◆ **Assigned task**:
From first line to last, output the records below exactly.

Start of Block

(* Let $X$ be a fibrewise pointed space over $B$. Then (4) $\mathrm{cat}^B_B(X)\le\mathrm{TC}^B_B(X)\le\mathrm{cat}^B_B(X\times_BX)$; and (5) for every continuous map $\lambda:B'\to B$, $\mathrm{TC}^{B'}_{B'}(\lambda^*(X))\le\mathrm{TC}^B_B(X)$.
   Context: A fibrewise space over $B$ is a space $X$ with $p_X:X\to B$; fibrewise maps satisfy $p_Y\circ f=p_X$. A fibrewise pointed space has $s_X:B\to X$ with $p_X\circ s_X=1_B$; fibrewise pointed maps satisfy also $f\circ s_X=s_Y$. A fibrewise pointed homotopy $H:X\times I\to Y$ satisfies $p_Y(H(x,t))=p_X(x)$ and $H(s_X(b),t)=s_Y(b)$; written $\simeq^B_B$. For a fibrewise pointed map $f:E\to X$, an open $U\supseteq s_X(B)$ is fibrewise pointed sectional if there is a fibrewise pointed map $s:U\to E$ with $f\circ s\simeq^B_B$ the inclusion; $\mathrm{secat}^B_B(f)$ is the least $n$ such that $X$ is covered by $n+1$ such open sets. The James–Morris fibrewise L.-S. category is $\mathrm{cat}^B_B(X)=\mathrm{secat}^B_B(s_X)$ ($B$ pointed by $1_B$), i.e. the least $n$ such that $X$ is covered by $n+1$ open sets $U\supseteq s_X(B)$ whose inclusion is fibrewise pointed homotopic to $s_X\circ p_X|_U$. $X\times_BX=\{(x,y):p_X(x)=p_X(y)\}$ with section $b\mapsto(s_X(b),s_X(b))$; $P_B(X)=\{(b,\alpha)\in B\times X^I:p_X\circ\alpha\equiv b\}$ with projection $(b,\alpha)\mapsto b$ and section $b\mapsto(b,c_{s_X(b)})$; $\Pi_X(b,\alpha)=(\alpha(0),\alpha(1))$; $\mathrm{TC}^B_B(X):=\mathrm{secat}^B_B(\Pi_X)$. For $\lambda:B'\to B$, $\lambda^*(X)=\{(b',x)\in B'\times X:\lambda(b')=p_X(x)\}$ with projection $(b',x)\mapsto b'$ and section $b'\mapsto(b',s_X(\lambda(b')))$, a fibrewise pointed space over $B'$. *)

theory Defs
  imports "HOL-Analysis.Analysis" "HOL-Library.Extended_Nat"
begin

definition fibrewise_pointed_space ::
  "'b topology \<Rightarrow> 'a topology \<Rightarrow> ('a \<Rightarrow> 'b) \<Rightarrow> ('b \<Rightarrow> 'a) \<Rightarrow> bool" where
  "fibrewise_pointed_space B X p s \<longleftrightarrow>
     continuous_map X B p \<and> continuous_map B X s \<and> (\<forall>b\<in>topspace B. p (s b) = b)"

definition fp_sectional ::
  "'b topology \<Rightarrow> 'e topology \<Rightarrow> ('e \<Rightarrow> 'b) \<Rightarrow> ('b \<Rightarrow> 'e) \<Rightarrow>
   'x topology \<Rightarrow> ('x \<Rightarrow> 'b) \<Rightarrow> ('b \<Rightarrow> 'x) \<Rightarrow> ('e \<Rightarrow> 'x) \<Rightarrow> 'x set \<Rightarrow> bool" where
  "fp_sectional B E pE sE X pX sX f U \<longleftrightarrow>
     openin X U \<and> sX ` topspace B \<subseteq> U \<and>
     (\<exists>s. continuous_map (subtopology X U) E s \<and>
          (\<forall>x\<in>U. pE (s x) = pX x) \<and>
          (\<forall>b\<in>topspace B. s (sX b) = sE b) \<and>
          homotopic_with
            (\<lambda>h. (\<forall>x\<in>U. pX (h x) = pX x) \<and> (\<forall>b\<in>topspace B. h (sX b) = sX b))
            (subtopology X U) X (f \<circ> s) id)"

text \<open>Fibrewise pointed sectional category secat^B_B(f) (infinite if no finite cover).\<close>
definition secatBB ::
  "'b topology \<Rightarrow> 'e topology \<Rightarrow> ('e \<Rightarrow> 'b) \<Rightarrow> ('b \<Rightarrow> 'e) \<Rightarrow>
   'x topology \<Rightarrow> ('x \<Rightarrow> 'b) \<Rightarrow> ('b \<Rightarrow> 'x) \<Rightarrow> ('e \<Rightarrow> 'x) \<Rightarrow> enat" where
  "secatBB B E pE sE X pX sX f =
     Inf {enat n | n. \<exists>U :: nat \<Rightarrow> 'x set.
            (\<forall>i\<le>n. fp_sectional B E pE sE X pX sX f (U i)) \<and>
            (\<Union>i\<le>n. U i) = topspace X}"

definition catBB :: "'b topology \<Rightarrow> 'a topology \<Rightarrow> ('a \<Rightarrow> 'b) \<Rightarrow> ('b \<Rightarrow> 'a) \<Rightarrow> enat" where
  "catBB B X p s = secatBB B B id id X p s s"

definition fib_prod_space :: "('a \<Rightarrow> 'b) \<Rightarrow> 'a topology \<Rightarrow> ('a \<times> 'a) topology" where
  "fib_prod_space p X = subtopology (prod_topology X X)
     {(x, y). x \<in> topspace X \<and> y \<in> topspace X \<and> p x = p y}"

definition fib_prod_proj :: "('a \<Rightarrow> 'b) \<Rightarrow> 'a \<times> 'a \<Rightarrow> 'b" where
  "fib_prod_proj p = (\<lambda>(x, y). p x)"

definition fib_prod_sec :: "('b \<Rightarrow> 'a) \<Rightarrow> 'b \<Rightarrow> 'a \<times> 'a" where
  "fib_prod_sec s = (\<lambda>b. (s b, s b))"

text \<open>Compact-open topology on the paths I -> X (paths represented as functions
  real => 'a that are continuous on I = [0,1] and undefined outside I).\<close>
definition path_space_top :: "'a topology \<Rightarrow> (real \<Rightarrow> 'a) topology" where
  "path_space_top X = subtopology
     (topology_generated_by
        {{\<alpha>. \<alpha> ` K \<subseteq> U} | K U. compactin (top_of_set {0..1::real}) K \<and> openin X U})
     {\<alpha>. pathin X \<alpha> \<and> \<alpha> \<in> extensional {0..1}}"

definition fib_path_space ::
  "'b topology \<Rightarrow> 'a topology \<Rightarrow> ('a \<Rightarrow> 'b) \<Rightarrow> ('b \<times> (real \<Rightarrow> 'a)) topology" where
  "fib_path_space B X p = subtopology (prod_topology B (path_space_top X))
     {(b, \<alpha>). b \<in> topspace B \<and> pathin X \<alpha> \<and> \<alpha> \<in> extensional {0..1} \<and>
               (\<forall>t\<in>{0..1}. p (\<alpha> t) = b)}"

definition fib_path_proj :: "'b \<times> (real \<Rightarrow> 'a) \<Rightarrow> 'b" where
  "fib_path_proj = fst"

End of Block

◆ **Output of the exercise**:
(* Let $X$ be a fibrewise pointed space over $B$. Then (4) $\mathrm{cat}^B_B(X)\le\mathrm{TC}^B_B(X)\le\mathrm{cat}^B_B(X\times_BX)$; and (5) for every continuous map $\lambda:B'\to B$, $\mathrm{TC}^{B'}_{B'}(\lambda^*(X))\le\mathrm{TC}^B_B(X)$.
   Context: A fibrewise space over $B$ is a space $X$ with $p_X:X\to B$; fibrewise maps satisfy $p_Y\circ f=p_X$. A fibrewise pointed space has $s_X:B\to X$ with $p_X\circ s_X=1_B$; fibrewise pointed maps satisfy also $f\circ s_X=s_Y$. A fibrewise pointed homotopy $H:X\times I\to Y$ satisfies $p_Y(H(x,t))=p_X(x)$ and $H(s_X(b),t)=s_Y(b)$; written $\simeq^B_B$. For a fibrewise pointed map $f:E\to X$, an open $U\supseteq s_X(B)$ is fibrewise pointed sectional if there is a fibrewise pointed map $s:U\to E$ with $f\circ s\simeq^B_B$ the inclusion; $\mathrm{secat}^B_B(f)$ is the least $n$ such that $X$ is covered by $n+1$ such open sets. The James–Morris fibrewise L.-S. category is $\mathrm{cat}^B_B(X)=\mathrm{secat}^B_B(s_X)$ ($B$ pointed by $1_B$), i.e. the least $n$ such that $X$ is covered by $n+1$ open sets $U\supseteq s_X(B)$ whose inclusion is fibrewise pointed homotopic to $s_X\circ p_X|_U$. $X\times_BX=\{(x,y):p_X(x)=p_X(y)\}$ with section $b\mapsto(s_X(b),s_X(b))$; $P_B(X)=\{(b,\alpha)\in B\times X^I:p_X\circ\alpha\equiv b\}$ with projection $(b,\alpha)\mapsto b$ and section $b\mapsto(b,c_{s_X(b)})$; $\Pi_X(b,\alpha)=(\alpha(0),\alpha(1))$; $\mathrm{TC}^B_B(X):=\mathrm{secat}^B_B(\Pi_X)$. For $\lambda:B'\to B$, $\lambda^*(X)=\{(b',x)\in B'\times X:\lambda(b')=p_X(x)\}$ with projection $(b',x)\mapsto b'$ and section $b'\mapsto(b',s_X(\lambda(b')))$, a fibrewise pointed space over $B'$. *)

theory Defs
  imports "HOL-Analysis.Analysis" "HOL-Library.Extended_Nat"
begin

definition fibrewise_pointed_space ::
  "'b topology \<Rightarrow> 'a topology \<Rightarrow> ('a \<Rightarrow> 'b) \<Rightarrow> ('b \<Rightarrow> 'a) \<Rightarrow> bool" where
  "fibrewise_pointed_space B X p s \<longleftrightarrow>
     continuous_map X B p \<and> continuous_map B X s \<and> (\<forall>b\<in>topspace B. p (s b) = b)"

definition fp_sectional ::
  "'b topology \<Rightarrow> 'e topology \<Rightarrow> ('e \<Rightarrow> 'b) \<Rightarrow> ('b \<Rightarrow> 'e) \<Rightarrow>
   'x topology \<Rightarrow> ('x \<Rightarrow> 'b) \<Rightarrow> ('b \<Rightarrow> 'x) \<Rightarrow> ('e \<Rightarrow> 'x) \<Rightarrow> 'x set \<Rightarrow> bool" where
  "fp_sectional B E pE sE X pX sX f U \<longleftrightarrow>
     openin X U \<and> sX ` topspace B \<subseteq> U \<and>
     (\<exists>s. continuous_map (subtopology X U) E s \<and>
          (\<forall>x\<in>U. pE (s x) = pX x) \<and>
          (\<forall>b\<in>topspace B. s (sX b) = sE b) \<and>
          homotopic_with
            (\<lambda>h. (\<forall>x\<in>U. pX (h x) = pX x) \<and> (\<forall>b\<in>topspace B. h (sX b) = sX b))
            (subtopology X U) X (f \<circ> s) id)"

text \<open>Fibrewise pointed sectional category secat^B_B(f) (infinite if no finite cover).\<close>
definition secatBB ::
  "'b topology \<Rightarrow> 'e topology \<Rightarrow> ('e \<Rightarrow> 'b) \<Rightarrow> ('b \<Rightarrow> 'e) \<Rightarrow>
   'x topology \<Rightarrow> ('x \<Rightarrow> 'b) \<Rightarrow> ('b \<Rightarrow> 'x) \<Rightarrow> ('e \<Rightarrow> 'x) \<Rightarrow> enat" where
  "secatBB B E pE sE X pX sX f =
     Inf {enat n | n. \<exists>U :: nat \<Rightarrow> 'x set.
            (\<forall>i\<le>n. fp_sectional B E pE sE X pX sX f (U i)) \<and>
            (\<Union>i\<le>n. U i) = topspace X}"

definition catBB :: "'b topology \<Rightarrow> 'a topology \<Rightarrow> ('a \<Rightarrow> 'b) \<Rightarrow> ('b \<Rightarrow> 'a) \<Rightarrow> enat" where
  "catBB B X p s = secatBB B B id id X p s s"

definition fib_prod_space :: "('a \<Rightarrow> 'b) \<Rightarrow> 'a topology \<Rightarrow> ('a \<times> 'a) topology" where
  "fib_prod_space p X = subtopology (prod_topology X X)
     {(x, y). x \<in> topspace X \<and> y \<in> topspace X \<and> p x = p y}"

definition fib_prod_proj :: "('a \<Rightarrow> 'b) \<Rightarrow> 'a \<times> 'a \<Rightarrow> 'b" where
  "fib_prod_proj p = (\<lambda>(x, y). p x)"

definition fib_prod_sec :: "('b \<Rightarrow> 'a) \<Rightarrow> 'b \<Rightarrow> 'a \<times> 'a" where
  "fib_prod_sec s = (\<lambda>b. (s b, s b))"

text \<open>Compact-open topology on the paths I -> X (paths represented as functions
  real => 'a that are continuous on I = [0,1] and undefined outside I).\<close>
definition path_space_top :: "'a topology \<Rightarrow> (real \<Rightarrow> 'a) topology" where
  "path_space_top X = subtopology
     (topology_generated_by
        {{\<alpha>. \<alpha> ` K \<subseteq> U} | K U. compactin (top_of_set {0..1::real}) K \<and> openin X U})
     {\<alpha>. pathin X \<alpha> \<and> \<alpha> \<in> extensional {0..1}}"

definition fib_path_space ::
  "'b topology \<Rightarrow> 'a topology \<Rightarrow> ('a \<Rightarrow> 'b) \<Rightarrow> ('b \<times> (real \<Rightarrow> 'a)) topology" where
  "fib_path_space B X p = subtopology (prod_topology B (path_space_top X))
     {(b, \<alpha>). b \<in> topspace B \<and> pathin X \<alpha> \<and> \<alpha> \<in> extensional {0..1} \<and>
               (\<forall>t\<in>{0..1}. p (\<alpha> t) = b)}"

definition fib_path_proj :: "'b \<times> (real \<Rightarrow> 'a) \<Rightarrow> 'b" where
  "fib_path_proj = fst"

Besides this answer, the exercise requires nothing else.